An expert panel convened by the Food and Drug Administration voted 14-1 on Wednesday to recommend withdrawing a preterm pregnancy treatment from the market, saying it does not work. The drugmaker and some patient groups had argued there is evidence to suggest it might work in a narrow population that includes Black women at high risk of giving birth too soon.
Peter Stein, director of the Office of New Drugs at the FDA’s Center for Drug Evaluation and Research, acknowledged in closing arguments clinicians’ arguments about the need for an effective drug to reduce the incidence of preterm birth — a leading cause of infant mortality in the United States. He said the agency agrees with clinicians who testified during three days of hearings on the urgent need for such a drug, but only if the data and science support it — and that is not the case for Makena.
“Hope is a reason to keep looking for options that are effective, whether we find them here or elsewhere,” he said. “Hope is not a reason to take a drug that is not shown to be effective. or keep it on the market.”
The recommendations of the panel of independent advisers are nonbinding, though the agency usually follows its advice. Withdrawing a drug from the market is a highly unusual step.
The three-day hearing was emotional both for members of the public, as well as the panel members of the Obstetrics, Reproductive, and Urologic Drugs Advisory Committee.
Several health groups have supported keeping Makena on the market while further study is done, worried that pulling it could deepen health inequities. “We believe that removing access will have a detrimental impact on the health of women and birthing people at risk of recurrent preterm births and will not impact all women equally,” said Martha Nolan, senior policy adviser at HealthyWomen, nonprofit women’s health group focused on helping women making informed decisions about their care.
Members of the panel, which is made up of maternal health experts, neonatologists, statisticians and other experts, related the difficulty of their decision.
“I’m so disappointed … I wish we weren’t sitting here today,” one member said. Another expressed “deep sadness” about the large trial of Makena that showed no benefit.
Esther Eisenberg, a reproductive endocrinologist, supported withdrawing the drug, “but I’m very conflicted. This is a very very difficult question.”
Cassandra Henderson, a maternal-fetal medicine specialist in New York City who was the sole panel member who argued the large clinical trial showed promise for some patient subgroups and who voted to keep the drug on the market, said she was concerned about the low representation of minority women in the trial, as “we do know race is sort of a surrogate for racism and all the structural inequities.”

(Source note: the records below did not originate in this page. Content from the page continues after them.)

lemma homogeneous_product_factors_at_zero:
  assumes "deg_bounded g Dg" and "deg_bounded h Dh" and "homogeneous (series_mult g h) n"
    and "\<not> series_const g" and "\<not> series_const h"
  shows "g (\<lambda>_. 0) = 0" and "h (\<lambda>_. 0) = 0"
proof -
  obtain a b where "g a \<noteq> 0" "h b \<noteq> 0" using assms(4,5) by (auto simp: series_const_def)
  then show "h (\<lambda>_. 0) = 0" "g (\<lambda>_. 0) = 0"
    using assms homogeneous_product_factor_at_zero[of h Dh g Dg n] series_mult_commute[of g h]
    by (auto intro: homogeneous_product_factor_at_zero)
qed

section \<open>Principal specialization\<close>

text \<open>Once \<open>D\<close> bounds the degree of \<open>f\<close>, \<open>principal_spec f N D\<close> is the evaluation
  \<open>f(1,\<dots>,1,0,0,\<dots>)\<close> with \<open>N\<close> ones.\<close>

definition principal_spec :: "series \<Rightarrow> nat \<Rightarrow> nat \<Rightarrow> complex" where
  "principal_spec f N D = (\<Sum>m\<in>box_monoms N D. f m)"

lemma sum_box_monoms_shift:
  assumes bh: "deg_bounded h Dh" and a: "a \<in> box_monoms N D" and aD: "\<forall>i. a i + Dh \<le> D"
  shows "(\<Sum>m\<in>{m \<in> box_monoms N D. \<forall>i. a i \<le> m i}. h (\<lambda>i. m i - a i)) = principal_spec h N D"
proof -
  let ?T = "{b \<in> box_monoms N D. \<forall>i. a i + b i \<le> D}"
  have "(\<Sum>m\<in>{m \<in> box_monoms N D. \<forall>i. a i \<le> m i}. h (\<lambda>i. m i - a i)) = (\<Sum>b\<in>?T. h b)"
    by (rule sum.reindex_bij_witness[where i="\<lambda>b i. a i + b i" and j="\<lambda>m i. m i - a i"])
      (use a in \<open>auto simp: box_monoms_def fun_eq_iff intro: le_trans[OF diff_le_self]\<close>)
  also have "\<dots> = principal_spec h N D"
    unfolding principal_spec_def
  proof (rule sum.mono_neutral_left[OF finite_box_monoms])
    show "\<forall>b\<in>box_monoms N D - ?T. h b = 0"
    proof
      fix b assume "b \<in> box_monoms N D - ?T"
      then obtain i where "D < a i + b i" by (auto simp: not_le)
      then have "Dh < b i" using aD by (metis add_less_cancel_left le_less_trans not_le)
      then show "h b = 0" using bh exponent_le_mdeg[of b i] by (force simp: deg_bounded_def)
    qed
  qed auto
  finally show ?thesis .
qed

lemma principal_spec_mult:
  assumes bg: "deg_bounded g Dg" and bh: "deg_bounded h Dh" and D: "Dg + Dh \<le> D"
  shows "principal_spec (series_mult g h) N D = principal_spec g N D * principal_spec h N D"
proof -
  define M where "M = box_monoms N D"
  have divisors: "{a. \<forall>i. a i \<le> m i} = {a \<in> M. \<forall>i. a i \<le> m i}" if "m \<in> M" for m
    using that by (auto simp: M_def box_monoms_def intro: le_trans) (metis le_zero_eq)
  have "principal_spec (series_mult g h) N D
      = (\<Sum>m\<in>M. \<Sum>a\<in>{a \<in> M. \<forall>i. a i \<le> m i}. g a * h (\<lambda>i. m i - a i))"
    unfolding principal_spec_def series_mult_def M_def[symmetric] by (rule sum.cong) (simp_all add: divisors)
  also have "\<dots> = (\<Sum>a\<in>M. \<Sum>m\<in>{m \<in> M. \<forall>i. a i \<le> m i}. g a * h (\<lambda>i. m i - a i))"
    by (rule sum.swap_restrict) (simp_all add: M_def finite_box_monoms)
  also have "\<dots> = (\<Sum>a\<in>M. g a * principal_spec h N D)"
  proof (rule sum.cong[OF refl])
    fix a assume a: "a \<in> M"
    show "(\<Sum>m\<in>{m \<in> M. \<forall>i. a i \<le> m i}. g a * h (\<lambda>i. m i - a i)) = g a * principal_spec h N D"
    proof (cases "g a = 0")
      case False
      then have "fin_supp a" "mdeg a \<le> Dg" using bg by (auto simp: deg_bounded_def)
      then have "a i + Dh \<le> D" for i using D exponent_le_mdeg[of a i] by linarith
      then show ?thesis
        using sum_box_monoms_shift[OF bh a[unfolded M_def]] by (simp add: M_def flip: sum_distrib_left)
    qed simp
  qed
  also have "\<dots> = principal_spec g N D * principal_spec h N D"
    by (simp add: principal_spec_def M_def sum_distrib_right)
  finally show ?thesis .
qed

lemma ex_bij_image_lessThan_card:
  fixes S :: "nat set"
  assumes fin: "finite S"
  obtains \<sigma> where "bij \<sigma>" and "\<sigma> ` {..<card S} = S"
proof -
  define A where "A = {..<card S}"
  have "card (A - S) = card (S - A)"
    using fin by (simp add: A_def card_Diff_subset_Int Int_commute)
  then obtain f where f: "bij_betw f (A - S) (S - A)"
    using finite_same_card_bij fin by (metis A_def finite_Diff finite_lessThan)
  define \<sigma> where "\<sigma> x = (if x \<in> A - S then f x else if x \<in> S - A then inv_into (A - S) f x else x)" for x
  have b1: "bij_betw \<sigma> (A - S) (S - A)"
    using f by (rule bij_betw_cong[THEN iffD1, rotated]) (simp add: \<sigma>_def)
  have b2: "bij_betw \<sigma> (S - A) (A - S)"
    using bij_betw_inv_into[OF f] by (rule bij_betw_cong[THEN iffD1, rotated]) (auto simp: \<sigma>_def)
  define R where "R = - ((A - S) \<union> (S - A))"
  have b3: "bij_betw \<sigma> R R"
    using bij_betw_id[of R] by (rule bij_betw_cong[THEN iffD1, rotated]) (auto simp: \<sigma>_def R_def)
  have "bij_betw \<sigma> (((A - S) \<union> (S - A)) \<union> R) (((S - A) \<union> (A - S)) \<union> R)"
    by (rule bij_betw_combine[OF bij_betw_combine[OF b1 b2] b3]) (auto simp: R_def)
  moreover have "((A - S) \<union> (S - A)) \<union> R = UNIV" "((S - A) \<union> (A - S)) \<union> R = UNIV"
    by (auto simp: R_def)
  ultimately have "bij \<sigma>" by simp
  moreover have "\<sigma> ` A = S"
  proof -
    have "\<sigma> ` A = \<sigma> ` (A \<inter> S) \<union> \<sigma> ` (A - S)" by blast
    also have "\<sigma> ` (A \<inter> S) = A \<inter> S" by (force simp: \<sigma>_def)
    also have "\<sigma> ` (A - S) = S - A" using b1 by (simp add: bij_betw_def)
    finally show ?thesis by blast
  qed
  ultimately show thesis using that A_def by blast
qed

Drugmaker Covis Pharma and its backers have argued that the study may have missed its benefits in high-risk populations in the United States because participants were largely Eastern Europe and only 7 percent Black. In a filing with the FDA, the drug company called the latter trial “flawed,” not only because of its racial demographics, but also because the population was low-risk and the women had access to national health-care systems that differ greatly from the complex piecemeal system in the United States.

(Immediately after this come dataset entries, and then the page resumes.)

lemma m_flag_rename:
  "m_flag M F (Some N) \<Longrightarrow> translates_from \<rho> (counter M) \<Longrightarrow>
   m_flag (rename_mconf \<rho> M) (rename_flag \<rho> F) (Some (rename_mconf \<rho> N))"
  by (erule m_flag.cases) (auto simp: translates_from_Suc intro: m_flag.intros)

lemma m_flag_rename_inv:
  "m_flag (rename_mconf \<rho> M) F' (Some N') \<Longrightarrow> translates_from \<rho> (counter M) \<Longrightarrow>
   \<exists>F N. m_flag M F (Some N) \<and> F' = rename_flag \<rho> F \<and> N' = rename_mconf \<rho> N"
  by (cases M; auto elim!: m_flag.cases;
      force intro: m_flag.intros simp: translates_from_Suc eq_commute[of "Fv _"])

lemma machine_bisimilar_rename:
  assumes "machine_bisimilar M1 M2" "counter M1 = n" "counter M2 = n" "translates_from \<rho> n"
  shows "machine_bisimilar (rename_mconf \<rho> M1) (rename_mconf \<rho> M2)"
proof -
  define R where "R X1 X2 \<longleftrightarrow> (\<exists>M1 M2 n. X1 = rename_mconf \<rho> M1 \<and> X2 = rename_mconf \<rho> M2 \<and>
      machine_bisimilar M1 M2 \<and> counter M1 = n \<and> counter M2 = n \<and> translates_from \<rho> n)"
    for X1 X2
  have "machine_bisim R"
  proof (rule machine_bisimI)
    show "symp R"
      unfolding R_def by (rule sympI) (blast dest: machine_bisimilar_sym)
  next
    fix C1 C2 D1 F C1'
    assume "R C1 C2" and D1: "m_tau\<^sup>*\<^sup>* C1 D1" "m_flag D1 F (Some C1')"
    then obtain M1 M2 n where M: "C1 = rename_mconf \<rho> M1" "C2 = rename_mconf \<rho> M2"
      "machine_bisimilar M1 M2" "counter M1 = n" "counter M2 = n" and \<rho>: "translates_from \<rho> n"
      unfolding R_def by blast
    obtain E1 where E1: "m_tau\<^sup>*\<^sup>* M1 E1" "D1 = rename_mconf \<rho> E1"
      using m_taus_rename_inv D1(1) M(1) by blast
    have "counter E1 = n" using m_taus_counter E1(1) M(4) by simp
    then obtain F0 N1 where N1: "m_flag E1 F0 (Some N1)" "F = rename_flag \<rho> F0"
      "C1' = rename_mconf \<rho> N1"
      using m_flag_rename_inv D1(2) E1(2) \<rho> by blast
    obtain E2 N2 where E2: "m_tau\<^sup>*\<^sup>* M2 E2" "m_flag E2 F0 (Some N2)" "machine_bisimilar N1 N2"
      using machine_bisimilar_flag_step M(3) E1(1) N1(1) by blast
    have "counter E2 = n" using m_taus_counter E2(1) M(5) by simp
    have "counter N1 = n + fresh_names_drawn F0" "counter N2 = n + fresh_names_drawn F0"
      using m_flag_counter N1(1) E2(2) \<open>counter E1 = n\<close> \<open>counter E2 = n\<close> by simp_all
    then have "R C1' (rename_mconf \<rho> N2)"
      unfolding R_def using N1(3) E2(3) translates_from_add[OF \<rho>] by blast
    moreover have "m_tau\<^sup>*\<^sup>* C2 (rename_mconf \<rho> E2)"
      using m_taus_rename E2(1) M(2) by blast
    moreover have "m_flag (rename_mconf \<rho> E2) F (Some (rename_mconf \<rho> N2))"
      using m_flag_rename E2(2) \<open>counter E2 = n\<close> \<rho> N1(2) by blast
    ultimately show "\<exists>D2 C2'. m_tau\<^sup>*\<^sup>* C2 D2 \<and> m_flag D2 F (Some C2') \<and> R C1' C2'"
      by blast
  qed
  moreover have "R (rename_mconf \<rho> M1) (rename_mconf \<rho> M2)"
    unfolding R_def using assms by blast
  ultimately show ?thesis
    unfolding machine_bisimilar_def by blast
qed

section \<open>The CK machine inside the NFB machine\<close>

lemma finite_fv: "finite (fv t)"
  by (induction t) auto

lemma fv_opn: "fv (opn k u t) \<subseteq> fv u \<union> fv t"
  by (induction t arbitrary: k) auto

lemma fv_stack_simps [simp]:
  "fv_stack [] = {}"
  "fv_stack (fr # \<pi>) = fv_frame fr \<union> fv_stack \<pi>"
  by (auto simp: fv_stack_def)

fun mconf_of_ck :: "ck \<Rightarrow> nat \<Rightarrow> mconf" where
  "mconf_of_ck (Ev t \<pi>) n = MEv t \<pi> n"
| "mconf_of_ck (Cont \<pi> v) n = MCont \<pi> v n"

fun ck_valid :: "ck \<Rightarrow> bool" where
  "ck_valid (Ev t \<pi>) = True"
| "ck_valid (Cont \<pi> v) = is_val v"

lemma m_tau_of_ck_step: "ck_step C D \<Longrightarrow> m_tau (mconf_of_ck C n) (mconf_of_ck D n)"
  by (induction rule: ck_step.induct) (auto intro: m_tau.intros)

lemma m_taus_of_ck_steps: "ck_steps C D \<Longrightarrow> m_tau\<^sup>*\<^sup>* (mconf_of_ck C n) (mconf_of_ck D n)"
  by (induction rule: rtranclp_induct) (auto intro: rtranclp.rtrancl_into_rtrancl m_tau_of_ck_step)

lemma ck_step_of_m_tau: "m_tau (mconf_of_ck C n) M \<Longrightarrow> \<exists>D. M = mconf_of_ck D n \<and> ck_step C D"
  by (cases C; auto elim!: m_tau.cases; metis mconf_of_ck.simps ck_step.intros)

lemma ck_steps_of_m_taus:
  "m_tau\<^sup>*\<^sup>* (mconf_of_ck C n) M \<Longrightarrow> \<exists>D. M = mconf_of_ck D n \<and> ck_steps C D"
proof (induction rule: rtranclp_induct)
  case (step M M')
  then obtain D where "M = mconf_of_ck D n" "ck_steps C D" by blast
  with step.hyps(2) show ?case
    by (meson ck_step_of_m_tau rtranclp.rtrancl_into_rtrancl)
qed auto

lemma ck_valid_ck_step: "ck_step C D \<Longrightarrow> ck_valid D"
  by (induction rule: ck_step.induct) auto

lemma ck_valid_ck_steps: "ck_steps C D \<Longrightarrow> ck_valid C \<Longrightarrow> ck_valid D"
  by (induction rule: rtranclp_induct) (auto dest: ck_valid_ck_step)

lemma fv_ck_step: "ck_step C D \<Longrightarrow> fv_ck D \<subseteq> fv_ck C"
  by (induction rule: ck_step.induct) (use fv_opn in \<open>auto simp: subst_body_def\<close>)

lemma fv_ck_steps: "ck_steps C D \<Longrightarrow> fv_ck D \<subseteq> fv_ck C"
  by (induction rule: rtranclp_induct) (auto dest: fv_ck_step)

lemma m_flag_of_ck_cases:
  "m_flag (mconf_of_ck C n) F (Some N) \<Longrightarrow>
   (\<exists>v. C = Cont [] v \<and> F = FlLam \<and> N = MCont [FunF v] (Fv n) (Suc n)) \<or>
   (\<exists>f \<pi> v. C = Cont (FunF (Fv f) # \<pi>) v \<and> F = FlVar f \<and> N = MInt \<pi> v n)"
  by (cases C) (auto elim: m_flag.cases)

lemma m_taus_from_MInt: "m_tau\<^sup>*\<^sup>* (MInt \<pi> v n) D \<Longrightarrow> D = MInt \<pi> v n"
  by (induction rule: rtranclp_induct) (auto elim: m_tau.cases)

lemma m_flag_after_MInt:
  "m_tau\<^sup>*\<^sup>* (MInt \<pi> v n) D \<Longrightarrow> m_flag D F (Some N) \<Longrightarrow>
   (F = FlVal \<and> N = MCont [FunF v] (Fv n) (Suc n)) \<or> (F = FlCtx \<and> N = MCont \<pi> (Fv n) (Suc n))"
  by (auto dest!: m_taus_from_MInt elim: m_flag.cases)

section \<open>Normal-form bisimilarity implies machine bisimilarity\<close>

inductive nf_machine_rel :: "mconf \<Rightarrow> mconf \<Rightarrow> bool" where
  ck_pair: "nf_bisimilar C C' \<Longrightarrow> ck_valid C \<Longrightarrow> ck_valid C' \<Longrightarrow>
    fv_ck C \<subseteq> {..<n} \<Longrightarrow> fv_ck C' \<subseteq> {..<n} \<Longrightarrow>
    nf_machine_rel (mconf_of_ck C n) (mconf_of_ck C' n)"
| intermediate_pair: "nf_bisimilar (Cont [FunF v] (Fv n)) (Cont [FunF v'] (Fv n)) \<Longrightarrow>
    nf_bisimilar (Cont \<pi> (Fv n)) (Cont \<pi>' (Fv n)) \<Longrightarrow>
    fv_stack \<pi> \<union> fv v \<subseteq> {..<n} \<Longrightarrow> fv_stack \<pi>' \<union> fv v' \<subseteq> {..<n} \<Longrightarrow>
    nf_machine_rel (MInt \<pi> v n) (MInt \<pi>' v' n)"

Raghav Chari, chief innovation officer for Covis, had testified the company was willing to work with the agency to limit Makena’s use to “a higher-risk target population” only and would also agree to stop active promotion of the drug.
He called this a “practical approach” that would enable individual physicians in consultation with their patients to make decisions about whether using the drug might be helpful.
Chari said Covis is committed to conducting additional studies to address questions about the drug’s potential risks and benefits, emphasizing that reducing preterm birth is a public health priority and an area of unmet need in drug development.
“We are not proposing that race biologically differentiates patients,” he said Wednesday. “At the same time, it is well-documented that preterm birth disproportionately impacts women who are Black and other minorities in the United States. These and other social determinants of risk are factors in defining the higher-risk population where Makena is most likely to be effective.”
But Joseph Alukal, a urologist who is director of men’s health at Columbia/NewYork-Presbyterian, suggested the racial inequity argument “implies the drug is effective and implies the drug is safe” when we do not actually have an answer on that.
Mark Hudak, a neonatologist the University of Florida College of Medicine, said he is “sensitive to the disparity issues that have been raised.” However, he said allowing Makena to remain on the market is not appropriate and would result in “complete regulatory chaos.”
Makena was approved by the FDA in 2011 under an accelerated approval program for drugs that treat serious conditions for which there are no treatments. The drugmakers are then required to conduct studies confirming the drug’s benefits to continue selling the medication. But the debate over Makena’s effectiveness more than a decade after its approval underscores the complexities of that program, highlighting how it can take the agency years to pull a drug from the market even if officials believe it’s ineffective.
In the case of Makena, the FDA’s Center for Drug Evaluation and Research proposed withdrawing it from the market in October 2020 — a move that followed an expert advisory panel’s 9-7 vote a year earlier to pull it from the market based on disappointing results from a large confirmatory study. But regulatory requirements, as well as the pandemic, have slowed the process.
The FDA’s Stein argued that leaving Makena on the market for a narrowed use would “upend the intention of the accelerated pathway.” He argued that “absent evidence of effectiveness, we are only left with risk. The benefit-risk balance for Makena is not favorable.”